Moim zdaniem nie chodzi tu o zagwarantowanie minimalnego wzrostu dla GM. Chodzi raczej o ograniczenie zysku dla gracza z niższą oceną i zminimalizowanie straty dla gracza z wyższą oceną, jeśli jakiś patzer zdoła zdenerwować MG lub poważnie niedoceniony gracz pokona GM.
źródło
Wszystko wyrównuje się, gdy niedoceniany przeciwnik pokona GM.

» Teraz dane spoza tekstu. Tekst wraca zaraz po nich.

lemma card_blocked_pairs: "card blocked_pairs \<le> card bad_cells * CARD('d) * L ^ (CARD('d) + 1)"
proof -
  have fin: "finite bad_cells" by (simp add: bad_cells_def finite_grid)
  moreover have "finite (blocked_at r l)" for r l
    by (rule finite_subset[of _ "grid L \<times> grid L"]) (auto simp: blocked_at_def finite_grid)
  ultimately have "card blocked_pairs \<le> card (\<Union>r\<in>bad_cells. \<Union>l<CARD('d). blocked_at r l)"
    by (intro card_mono blocked_pairs_subset) auto
  also have "\<dots> \<le> (\<Sum>r\<in>bad_cells. \<Sum>l<CARD('d). card (blocked_at r l))"
    by (intro order_trans[OF card_UN_le[OF fin]] sum_mono card_UN_le) auto
  also have "\<dots> \<le> (\<Sum>r\<in>bad_cells. \<Sum>l<CARD('d). L ^ (CARD('d) + 1))"
    by (intro sum_mono card_blocked_at) auto
  finally show ?thesis by simp
qed

text \<open>Double counting: a pair of good cells is either blocked or joined by a clear staircase,
  and by \<open>card_staircase_reachable\<close> each good cell has few partners of the second kind.\<close>

lemma card_good_cells_squared:
  "2 * CARD('d) * m * (card good_cells)\<^sup>2 \<le> card good_cells * card P + 2 * CARD('d) * m * card blocked_pairs"
proof -
  have fin: "finite (staircase_reachable g)" for g
    using finite_good_cells by (simp add: staircase_reachable_def)
  have "finite blocked_pairs"
    by (rule finite_subset[of _ "good_cells \<times> good_cells"]) (auto simp: blocked_pairs_def finite_good_cells)
  then have "finite (Sigma good_cells staircase_reachable \<union> blocked_pairs)"
    using finite_good_cells fin by auto
  then have "(card good_cells)\<^sup>2 \<le> card (Sigma good_cells staircase_reachable \<union> blocked_pairs)"
    unfolding power2_eq_square card_cartesian_product[symmetric]
    by (rule card_mono) (auto simp: staircase_reachable_def blocked_pairs_def)
  also have "\<dots> \<le> card (Sigma good_cells staircase_reachable) + card blocked_pairs"
    by (rule card_Un_le)
  also have "card (Sigma good_cells staircase_reachable) = (\<Sum>g\<in>good_cells. card (staircase_reachable g))"
    by (simp add: card_SigmaI finite_good_cells fin)
  finally have "2 * CARD('d) * m * (card good_cells)\<^sup>2
      \<le> 2 * CARD('d) * m * ((\<Sum>g\<in>good_cells. card (staircase_reachable g)) + card blocked_pairs)"
    by (rule mult_le_mono2)
  also have "\<dots> = (\<Sum>g\<in>good_cells. 2 * (CARD('d) * card (staircase_reachable g) * m))
      + 2 * CARD('d) * m * card blocked_pairs"
    by (simp add: sum_distrib_left algebra_simps)
  also have "(\<Sum>g\<in>good_cells. 2 * (CARD('d) * card (staircase_reachable g) * m)) \<le> (\<Sum>g\<in>good_cells. card P)"
    by (intro sum_mono card_staircase_reachable) (simp add: good_cells_def)
  finally show ?thesis by simp
qed

lemma card_bad_cells: "card bad_cells \<le> card S * (2 * CARD('d) + 4) ^ CARD('d)"
proof -
  define R where "R = CARD('d) + 2"
  define near where "near s = PiE UNIV (\<lambda>j. {x::nat. \<bar>real x - s $ j\<bar> < real R})" for s :: "real^'d"
  have "bad_cells \<subseteq> (\<Union>s\<in>S. near s)"
  proof
    fix g assume "g \<in> bad_cells"
    then obtain s where s: "s \<in> S" "dist (corner g) s < real CARD('d) + 2"
      by (auto simp: bad_cells_def good_cells_def good_cell_def not_le)
    have "\<bar>real (g j) - s $ j\<bar> < real R" for j
      using component_le_norm_cart[of "corner g - s" j] s(2) by (simp add: corner_def dist_norm R_def)
    then have "g \<in> near s" by (simp add: near_def PiE_def Pi_def extensional_def)
    then show "g \<in> (\<Union>s\<in>S. near s)" using s by blast
  qed
  moreover have near: "finite (near s)" "card (near s) \<le> (2 * CARD('d) + 4) ^ CARD('d)" for s
  proof -
    show "finite (near s)" using finite_nat_near by (simp add: near_def finite_PiE)
    have "card (near s) = (\<Prod>j\<in>UNIV. card {x::nat. \<bar>real x - s $ j\<bar> < real R})"
      by (simp add: near_def card_PiE)
    also have "\<dots> \<le> (\<Prod>j\<in>(UNIV::'d set). 2 * R)"
      using card_nat_near_le by (intro prod_mono) auto
    also have "\<dots> = (2 * R) ^ CARD('d)" by simp
    also have "2 * R = 2 * CARD('d) + 4" by (simp add: R_def)
    finally show "card (near s) \<le> (2 * CARD('d) + 4) ^ CARD('d)" .
  qed
  moreover have "finite S" using S_subset finite_P finite_subset by blast
  ultimately have "card bad_cells \<le> card (\<Union>s\<in>S. near s)"
    by (intro card_mono) auto
  also have "\<dots> \<le> (\<Sum>s\<in>S. card (near s))" by (rule card_UN_le[OF \<open>finite S\<close>])
  also have "\<dots> \<le> (\<Sum>s\<in>S. (2 * CARD('d) + 4) ^ CARD('d))" by (intro sum_mono near)
  finally show ?thesis by simp
qed

lemma card_good_plus_bad: "card good_cells + card bad_cells = L ^ CARD('d)"
proof -
  have "card good_cells \<le> card (grid L :: ('d \<Rightarrow> nat) set)"
    by (rule card_mono[OF finite_grid good_cells_subset_grid])
  moreover have "card (grid L :: ('d \<Rightarrow> nat) set) = L ^ CARD('d)" by (rule card_grid)
  ultimately show ?thesis
    using finite_good_cells good_cells_subset_grid by (simp add: bad_cells_def card_Diff_subset)
qed

end

section \<open>The lower bound\<close>

lemma exists_finite_superset_card:
  assumes "infinite (UNIV :: 'a set)" "finite (C :: 'a set)" "card C \<le> n"
  shows "\<exists>P. finite P \<and> card P = n \<and> C \<subseteq> P"
proof -
  have "infinite (UNIV - C)" using assms(1,2) by (simp add: Diff_infinite_finite)
  then obtain X where X: "X \<subseteq> UNIV - C" "finite X" "card X = n - card C"
    using infinite_arbitrarily_large by blast
  moreover have "C \<inter> X = {}" using X by auto
  ultimately have "card (C \<union> X) = n" using assms(2,3) by (simp add: card_Un_disjoint)
  then show ?thesis using X assms(2) by blast
qed

lemma infinite_UNIV_real_vec: "infinite (UNIV :: (real^'d::finite) set)"
  by (rule infinite_UNIV_vec[OF infinite_UNIV_char_0])

lemma exists_points_dilation_ge_one:
  assumes "n \<ge> 2"
  shows "\<exists>P :: (real^'d::finite) set. finite P \<and> card P = n \<and> (\<forall>E. dilation P E \<ge> 1)"
proof -
  obtain P :: "(real^'d) set" where P: "finite P" "card P = n"
    using exists_finite_superset_card[OF infinite_UNIV_real_vec, of "{}" n] by auto
  moreover have "\<not> card P \<le> Suc 0" using assms P by simp
  ultimately obtain p q where "p \<in> P" "q \<in> P" "p \<noteq> q"
    using card_le_Suc0_iff_eq by blast
  then show ?thesis using P dilation_ge_one by blast
qed

lemma exists_point_set_with_stars:
  assumes m: "m > 0" and n: "CARD('d::finite) * L ^ CARD('d) * m \<le> n"
  shows "\<exists>P :: (real^'d) set. finite P \<and> card P = n \<and> (\<forall>i g t. g \<in> grid L \<longrightarrow> t < m \<longrightarrow> spoke m i g t \<in> P)"
proof -
  define C :: "(real^'d) set" where "C = (\<lambda>(i, g, t). spoke m i g t) ` (UNIV \<times> grid L \<times> {..<m})"
  have "card C = CARD('d) * L ^ CARD('d) * m"
    unfolding C_def using card_image[OF inj_on_spoke[OF m, of "grid L :: ('d \<Rightarrow> nat) set"]]
    by (simp add: card_cartesian_product card_grid mult.assoc)
  moreover have "finite C" unfolding C_def by (simp add: finite_grid)
  ultimately obtain P where P: "finite P" "card P = n" "C \<subseteq> P"
    using exists_finite_superset_card[OF infinite_UNIV_real_vec, of C n] n by auto
  moreover have "spoke m i g t \<in> C" if "g \<in> grid L" "t < m" for i g t
    unfolding C_def using that by (intro image_eqI[of _ _ "(i, g, t)"]) auto
  ultimately show ?thesis by blast
qed

lemma quadratic_count_contradiction:
  fixes G N n m B D :: real
  assumes m: "m \<ge> 10" and N: "N > 0" and G: "G \<ge> 39/40 * N" and n: "n \<le> D * N * (m + 1)" and D: "D > 0"
    and count: "2 * D * m * G\<^sup>2 \<le> G * n + 2 * D * m * B" and B: "B \<le> N\<^sup>2 / 20"
  shows False
proof -
  have "D * N * (m + 1) \<le> D * N * (11/10 * m)" using m D N by (intro mult_left_mono) auto
  then have "G * n \<le> G * (D * N * (11/10 * m))" using n G N by (intro mult_left_mono) auto
  moreover have "2 * D * m * B \<le> 2 * D * m * (N\<^sup>2 / 20)" using B D m by (intro mult_left_mono) auto
  ultimately have "(D * m) * (2 * G\<^sup>2) \<le> (D * m) * (11/10 * G * N + N\<^sup>2 / 10)"
    using count by (simp add: algebra_simps)
  then have upper: "2 * G\<^sup>2 \<le> 11/10 * G * N + N\<^sup>2 / 10" using D m by simp
  have "G * (2 * G - 11/10 * N) \<ge> (39/40 * N) * (2 * (39/40 * N) - 11/10 * N)"
    using G N by (intro mult_mono) auto
  then have "2 * G\<^sup>2 - 11/10 * G * N \<ge> 663/800 * N\<^sup>2" by (simp add: algebra_simps power2_eq_square)
  moreover have "N\<^sup>2 > 0" using N by simp
  ultimately show False using upper by linarith
qed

Załóżmy, że MG gra tylko słabych przeciwników, więc dostaje dość wysoką ocenę.
Potem, gdy stanie się nieuchronnie sławny (jest GMem), ludzie przejrzą jego historię gry i zauważą rozbieżności. Ten facet jest dobry tylko dlatego, że gra w patzery!
Kiedy więc słabszy go pokonuje (ten słabszy jest o kilkaset punktów silniejszy niż na papierze), ocena GM zmieni się na dokładniejszy opis.
EDYCJA W odpowiedzi na twoją edycję zdajesz sobie sprawę, że wszyscy na całym świecie mogą zobaczyć historię gry Carlsena, prawda?
Nie sądzisz, że wpłynie to nieco na jego wizerunek ... Nie wiem ... NEGATYWNIE?
Zadajesz tylko teoretyczne pytanie, które nie ma podstaw w prawdziwym życiu. Dlatego nie otrzymujesz pożądanej odpowiedzi: nie ma rozwiązania.